A divergência resume-se assim: Carlsen conhecia as regras, não as respeitou, a organização pediu-lhe que trocasse de roupa no imediato, ele sugeriu que fosse apenas para o dia seguinte e nada feito.

Abandonando a prova, o norueguês de 34 anos não conquistará um sexto título mundial da vertente que encurta a paciência do relógio para os jogadores pensarem cada jogada - nem irá competir no equivalente do xadrez relâmpago, agendado para o início da próxima semana, que concede ainda menos tempo aos xadrezistas. Antes de rumar a latitudes mais acaloradas, o primeiro humano a deter, em simultâneo, o cetro nas três principais variantes da modalidade (em 2014, feito que repetiu em 2019 e 2022) deixou vincada a sua alergia à FIDE. “Sinceramente, a minha paciência com eles já não era muita antes de vir para aqui, mas está tudo ok, podem aplicar as suas regras e a minha resposta é estou fora, f*** you”, criticou, sem filtros.
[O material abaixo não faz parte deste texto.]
lemma rho_subset_Ysum: "valid_term b \<Longrightarrow> rho b \<subseteq> Ysum"
  and add_subgroup_rho: "valid_term b \<Longrightarrow> add_subgroup (rho b)"
  using rho_subset_Ysum_add_subgroup by simp_all

lemma add_subgroup_X_Int_rho: "i \<in> {1, 2, 3} \<Longrightarrow> valid_term b \<Longrightarrow> add_subgroup (Xs i \<inter> rho b)"
  and add_subgroup_Y_Int_rho: "i \<in> {1, 2, 3} \<Longrightarrow> valid_term b \<Longrightarrow> add_subgroup (Ys i \<inter> rho b)"
  by (simp_all add: add_subgroup_Int add_subgroup_X add_subgroup_Y add_subgroup_rho)

definition axis :: "nat \<Rightarrow> 'v set \<Rightarrow> ('v \<times> 'v \<times> 'v) set" where
  "axis i P = {t \<in> RR Ys. coord i t \<in> P \<and> (\<forall>l\<in>{1, 2, 3}. l \<noteq> i \<longrightarrow> coord l t = 0)}"

lemma axis_perm3:
  "perm3 i b l \<Longrightarrow> t \<in> axis i P \<longleftrightarrow> t \<in> RR Ys \<and> coord i t \<in> P \<and> coord b t = 0 \<and> coord l t = 0"
  unfolding axis_def perm3_cases by (elim disjE conjE) auto

lemma X10_ssum_axis:
  assumes i: "i \<in> {1, 2, 3}" and P: "P \<subseteq> Ys i"
  shows "ssum (X10 Ys) (axis i P) = RR Ys \<inter> coord_sum -` P"
proof -
  obtain b l where p: "perm3 i b l" using perm3_exists i by blast
  have coord_sum_axis: "coord_sum g = coord i g" if "g \<in> axis i P" for g
    using that by (simp add: axis_perm3[OF p] coord_sum_perm3[OF p])
  show ?thesis
  proof (intro equalityI subsetI)
    fix x assume "x \<in> ssum (X10 Ys) (axis i P)"
    then obtain z g where z: "z \<in> X10 Ys" and g: "g \<in> axis i P" and x: "x = z + g" by (rule ssumE)
    have "z \<in> RR Ys" "coord_sum z = 0" using z by (simp_all add: X10_eq)
    moreover have "g \<in> RR Ys" "coord i g \<in> P" using g by (simp_all add: axis_perm3[OF p])
    ultimately show "x \<in> RR Ys \<inter> coord_sum -` P"
      using x coord_sum_axis[OF g] add_subgroup_add[OF add_subgroup_RR] by simp
  next
    fix x assume x: "x \<in> RR Ys \<inter> coord_sum -` P"
    let ?g = "triple_at i b l (coord_sum x) 0 0"
    have "0 \<in> Ys b" "0 \<in> Ys l"
      using zero_in_Y perm3_range[OF p] by simp_all
    moreover have "coord_sum x \<in> Ys i" using x P by blast
    ultimately have "?g \<in> RR Ys" by (simp add: RR_perm3[OF p] coord_triple_at[OF p])
    then have g: "?g \<in> axis i P" using x by (simp add: axis_perm3[OF p] coord_triple_at[OF p])
    then have "coord_sum ?g = coord_sum x" by (simp add: coord_sum_axis coord_triple_at[OF p])
    then have "x - ?g \<in> X10 Ys"
      using x \<open>?g \<in> RR Ys\<close> add_subgroup_diff[OF add_subgroup_RR] by (simp add: X10_eq)
    then show "x \<in> ssum (X10 Ys) (axis i P)"
      using ssumI[of "x - ?g" "X10 Ys" ?g "axis i P"] g by simp
  qed
qed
A FIDE explicou que “pediu” a Magnus Carlsen para “mudar a sua roupa” visto ter calças de ganga que “são expressamente proibidas há muito pelos regulamentos” feitos para garantirem “o profissionalismo e justiça” dos competidores. “Esta decisão foi tomada imparcialmente e aplica-se de igual forma a todos os jogadores”, lê-se no comunicado que descreve as regras como “bem conhecidas pelos participantes” por lhes serem “comunicadas antes de cada evento”. A entidade acrescentou que “o alojamento” dos xadrezistas está a “uma curta distância a pé do local da competição” de modo a “tornar mais conveniente a adesão às regras”.

A recusa do génio norueguês segue-se ao seu cada vez mais aparente desencanto com o xadrez, ou pelo menos com quem o governa. Há dois anos, após propor à FIDE alterações às regras das suas competições, abdicou de competir no Mundial clássico, alegando falta de motivação para aguentar o desgaste (este ano, tão pouco quis participar na edição conquistada por Gukesh Dommaraju). “Simplesmente não a desfruto, é tão simples quanto isso”, chegou a confidenciar o líder da hierarquia há 13 anos, ainda aquém das duas décadas de permanência de Gerry Kasparov no trono (1985-2005), a quem não apetece competir.

Antes da prova que decorre em Nova Iorque, ergueu no Twitter uma espécie de bandeira branca, anunciando uma paz com a federação internacional quanto às divergências entre os Campeonatos do Mundo da organização e da vertente freestyle, em que a disposição inicial da primeira linha de peças é sorteada antes de cada jogo. Mas, na sua renúncia a tentar um sexto título no xadrez rápido, culpou a entidade de “estar a ir atrás de jogadores que não assinem com o freestyle, ameaçando-os de que não poderão competir nos Mundiais”. O fenómeno que devolveu mediatismo e uma certa aura cool ao xadrez cada vez parece querer menos com o xadrez tradicional. Magnus Carlsen já prefere até ir em buscar do calor.